With azkaban-rb the jobs are declared in a Rakefile. One could generate the job file above with the following declaration:

job :test do
  set "type" => "pig",
      "read.lock" => "input_file1.txt,input_file2.txt,input_file3.txt,input_file4.txt",
      "write.lock" => "output_file.txt",
      "pig.script" => "test.pig",
      "param.input1" => "input_file1.txt",
      "param.input2" => "input_file2.txt",
      "param.input3" => "input_file3.txt",
      "param.input4" => "input_file4.txt",
      "param.output" => "output_file.txt",
      "dependencies" => "job1,job2,job3"
end

This example just serves to show that you have complete control over what goes into the job file. The real benefit of azkaban-rb comes from using its helper methods:

pig_job :test => [:job1, :job2, :job3] do
  uses "test.pig"
  reads "input_file1.txt", :as => :input1
  reads "input_file2.txt", :as => :input2
  reads "input_file3.txt", :as => :input3
  reads "input_file4.txt", :as => :input4
  writes "output_file.txt", :as => :output
end

This declaration is a lot more readable. pig_job is just a wrapper around job which implicitly sets the job type to “pig”. The reads and writes methods will add the given files to lists which will get read and write locks, respectively. With the :as option appended to the call each will also define an alias which can be used to reference the file name in the pig script. The other interesting thing going on here is the dependencies have been moved to the top of the declaration. Before we discuss this let’s talk about what we’re really doing in this declaration.

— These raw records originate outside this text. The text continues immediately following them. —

(* Let $\gamma > 1$ and let $I$ be a $\gamma$-stable instance of the metric Steiner tree problem with optimal Steiner tree $\mathrm{OPT}$. Let $H$ be a subgraph of $\mathrm{OPT}$ with at least one edge, let $ab$ be an edge of $H$, and let $c \in V(\mathrm{OPT}) \setminus V(H)$ satisfy $w_{bc} < \gamma(\gamma - 1) w_{ab}$. Then $w_{bc} < \frac{w_{ab}}{\gamma - 1}$ and $w_{ab} < \frac{w_{bc}}{\gamma - 1}$.
   Context: An instance of the metric Steiner tree problem consists of a finite set $V$ of points of a metric space with metric $d$, a set $T \subseteq V$ of terminals, and the complete graph on $V$ with edge weights $w_{uv} = d(u,v)$. Points of $V \setminus T$ are Steiner points. A Steiner tree is a tree in this complete graph whose vertex set contains all of $T$; its weight is the sum of its edge weights. For $\gamma > 1$, the instance is $\gamma$-stable if it has a minimum-weight Steiner tree $\mathrm{OPT}$ such that for every $w' : V \times V \to \mathbb{R}_{\ge 0}$ with $w_{uv} \le w'_{uv} \le \gamma w_{uv}$ for all $u,v$, every minimum-weight Steiner tree with respect to $w'$ equals $\mathrm{OPT}$. $V(\mathrm{OPT})$ and $V(H)$ denote vertex sets. *)

theory Defs
  imports Complex_Main
begin

definition metric_on :: "'a set \<Rightarrow> ('a \<Rightarrow> 'a \<Rightarrow> real) \<Rightarrow> bool" where
  "metric_on V d \<longleftrightarrow>
     (\<forall>u\<in>V. \<forall>v\<in>V. d u v \<ge> 0 \<and> (d u v = 0 \<longleftrightarrow> u = v) \<and> d u v = d v u) \<and>
     (\<forall>u\<in>V. \<forall>v\<in>V. \<forall>x\<in>V. d u x \<le> d u v + d v x)"

definition edges_of :: "'a set \<Rightarrow> 'a set set" where
  "edges_of S = {{u, v} | u v. u \<in> S \<and> v \<in> S \<and> u \<noteq> v}"

text \<open>The original edge weights w_uv = d(u,v), as a function on (unordered) edges.\<close>
definition w :: "('a \<Rightarrow> 'a \<Rightarrow> real) \<Rightarrow> 'a set \<Rightarrow> real" where
  "w d e = (SOME x. \<exists>u v. e = {u, v} \<and> x = d u v)"

definition adj :: "'a set set \<Rightarrow> ('a \<times> 'a) set" where
  "adj E = {(x, y). {x, y} \<in> E \<and> x \<noteq> y}"

definition connected_graph :: "'a set \<Rightarrow> 'a set set \<Rightarrow> bool" where
  "connected_graph S E \<longleftrightarrow> (\<forall>u\<in>S. \<forall>v\<in>S. (u, v) \<in> (adj E)\<^sup>*)"

text \<open>Acyclic: no edge lies on a cycle, i.e. removing any edge disconnects its endpoints.\<close>
definition acyclic_graph :: "'a set set \<Rightarrow> bool" where
  "acyclic_graph E \<longleftrightarrow> (\<forall>u v. {u, v} \<in> E \<longrightarrow> (u, v) \<notin> (adj (E - {{u, v}}))\<^sup>*)"

definition is_tree :: "'a set \<Rightarrow> 'a set \<times> 'a set set \<Rightarrow> bool" where
  "is_tree V t \<longleftrightarrow> (case t of (S, E) \<Rightarrow>
      S \<subseteq> V \<and> S \<noteq> {} \<and> E \<subseteq> edges_of S \<and> connected_graph S E \<and> acyclic_graph E)"

definition steiner_tree :: "'a set \<Rightarrow> 'a set \<Rightarrow> 'a set \<times> 'a set set \<Rightarrow> bool" where
  "steiner_tree V T t \<longleftrightarrow> is_tree V t \<and> T \<subseteq> fst t"

definition tree_weight :: "('a set \<Rightarrow> real) \<Rightarrow> 'a set \<times> 'a set set \<Rightarrow> real" where
  "tree_weight c t = (\<Sum>e\<in>snd t. c e)"

definition min_steiner :: "'a set \<Rightarrow> 'a set \<Rightarrow> ('a set \<Rightarrow> real) \<Rightarrow> 'a set \<times> 'a set set \<Rightarrow> bool" where
  "min_steiner V T c t \<longleftrightarrow> steiner_tree V T t \<and>
     (\<forall>t'. steiner_tree V T t' \<longrightarrow> tree_weight c t \<le> tree_weight c t')"

definition steiner_instance :: "'a set \<Rightarrow> 'a set \<Rightarrow> ('a \<Rightarrow> 'a \<Rightarrow> real) \<Rightarrow> bool" where
  "steiner_instance V T d \<longleftrightarrow> finite V \<and> T \<subseteq> V \<and> metric_on V d"

definition perturbation :: "real \<Rightarrow> 'a set \<Rightarrow> ('a \<Rightarrow> 'a \<Rightarrow> real) \<Rightarrow> ('a set \<Rightarrow> real) \<Rightarrow> bool" where
  "perturbation \<gamma> V d w' \<longleftrightarrow> (\<forall>e\<in>edges_of V. w d e \<le> w' e \<and> w' e \<le> \<gamma> * w d e)"

definition gamma_stable :: "real \<Rightarrow> 'a set \<Rightarrow> 'a set \<Rightarrow> ('a \<Rightarrow> 'a \<Rightarrow> real) \<Rightarrow> bool" where
  "gamma_stable \<gamma> V T d \<longleftrightarrow> (\<exists>OPT. min_steiner V T (w d) OPT \<and>
     (\<forall>w'. perturbation \<gamma> V d w' \<longrightarrow> (\<forall>t. min_steiner V T w' t \<longrightarrow> t = OPT)))"

end

theory Submission
  imports Defs
begin

(* Stability implies that OPT stays the unique optimum when the weights of its own edges are
   multiplied by gamma.  So exchanging an edge uv of OPT for a non-edge pq that reconnects the two
   components of OPT - uv strictly increases this perturbed weight: gamma d(u,v) < d(p,q).  For two
   adjacent edges xy, yz of OPT and the chord xz this gives, with the triangle inequality,
   (gamma - 1) d(x,y) < d(y,z); in particular gamma < 2 as soon as OPT contains a path with two
   edges.  The conclusion is this ratio bound for ab and bc, so it remains to show that bc is an
   edge of OPT.  Otherwise follow the path of OPT from c to the edge ab: if it reaches b through an
   edge bx, the ratio bound for ab, bx and an exchange of bx for bc give
   d(b,c) > gamma (gamma - 1) d(a,b); if it reaches a, an exchange of ab for bc together with
   gamma < 2 gives the same, contradicting the hypothesis. *)

lemma edges_ofD:
  assumes "{x, y} \<in> edges_of S"
  shows "x \<in> S" "y \<in> S" "x \<noteq> y"
  using assms unfolding edges_of_def by (auto simp: doubleton_eq_iff)

lemma w_doubleton:
  assumes "metric_on V d" "x \<in> V" "y \<in> V"
  shows "w d {x, y} = d x y"
  unfolding w_def
proof (rule some_equality)
  fix z assume "\<exists>u v. {x, y} = {u, v} \<and> z = d u v"
  then show "z = d x y"
    using assms unfolding metric_on_def by (auto simp: doubleton_eq_iff)
qed blast

lemma sym_adj: "sym (adj F)"
  by (auto simp: sym_def adj_def insert_commute)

So what is really happening when you invoke pig_job? azkaban-rb is built on top of rake, a Ruby build tool somewhat similar to make. A Rakefile uses Ruby syntax to declare tasks and their prerequisites. A job declared with azkaban-rb is actually no more than a rake task which generates an Azkaban job file when it executes. The parameters you set within the block are used when creating the job file.

Now back to those dependencies. What we are actually doing is declaring task prerequisites using the rake syntax. Since each job is just a rake task, it means one or more jobs can be defined as prerequisites. There are two benefits to this. First, rake will ensure that all prerequisites of a task are executed, which for us means that all the Azkaban jobs that a job depends on will be generated. Second, the dependencies of the job can be implicitly extracted from the list of prerequisites defined using the rake syntax. This means we don’t need to ever set the dependencies.

rake is a natural fit in the declaration of Azkaban workflows:

  • It’s Ruby, so you programmatically have a lot of flexibility in how jobs are generated.

  • Jobs can be declared in a single Rakefile and namespaced for better organization. Or you can group related jobs into separate Ruby files which are then loaded by the Rakefile.

  • Using JRuby one can import ant targets, which might be used to build Java MapReduce jobs.

  • Tasks can be set up in such a way that in a single rake command the Azkaban jobs are generated, Java code is built, and a zip archive of the entire workflow is produced and uploaded to the Azkaban server.

Declaring jobs¶ ↑

azkaban-rb provides a set of built in methods for declaring Azkaban jobs. Each of these is just a wrapper around the job method which implicitly sets the job type for you.

Pig jobs¶ ↑

pig_job :test do
  uses "test.pig" 
  # set other parameters
end

Java process jobs¶ ↑

java_process_job :test do
  uses "azkaban.example.test.HelloWorld" # class having main method to execute
  # set other parameters
end

Command jobs¶ ↑

command_job :test do
  uses 'echo "Hello Azkaban!"'
  # set other parameters
end

Java jobs¶ ↑

java_job :test do
  uses "com.example.MyJob" # class for Hadoop job to execute
  # set other parameters
end

Example¶ ↑

A fully functional example can be found in the source code.

License¶ ↑

Copyright 2010 LinkedIn, Inc

Licensed under the Apache License, Version 2.0 (the “License”); you may not use this file except in compliance with the License. You may obtain a copy of the License at www.apache.org/licenses/LICENSE-2.0

Unless required by applicable law or agreed to in writing, software distributed under the License is distributed on an “AS IS” BASIS, WITHOUT WARRANTIES OR CONDITIONS OF ANY KIND, either express or implied. See the License for the specific language governing permissions and limitations under the License.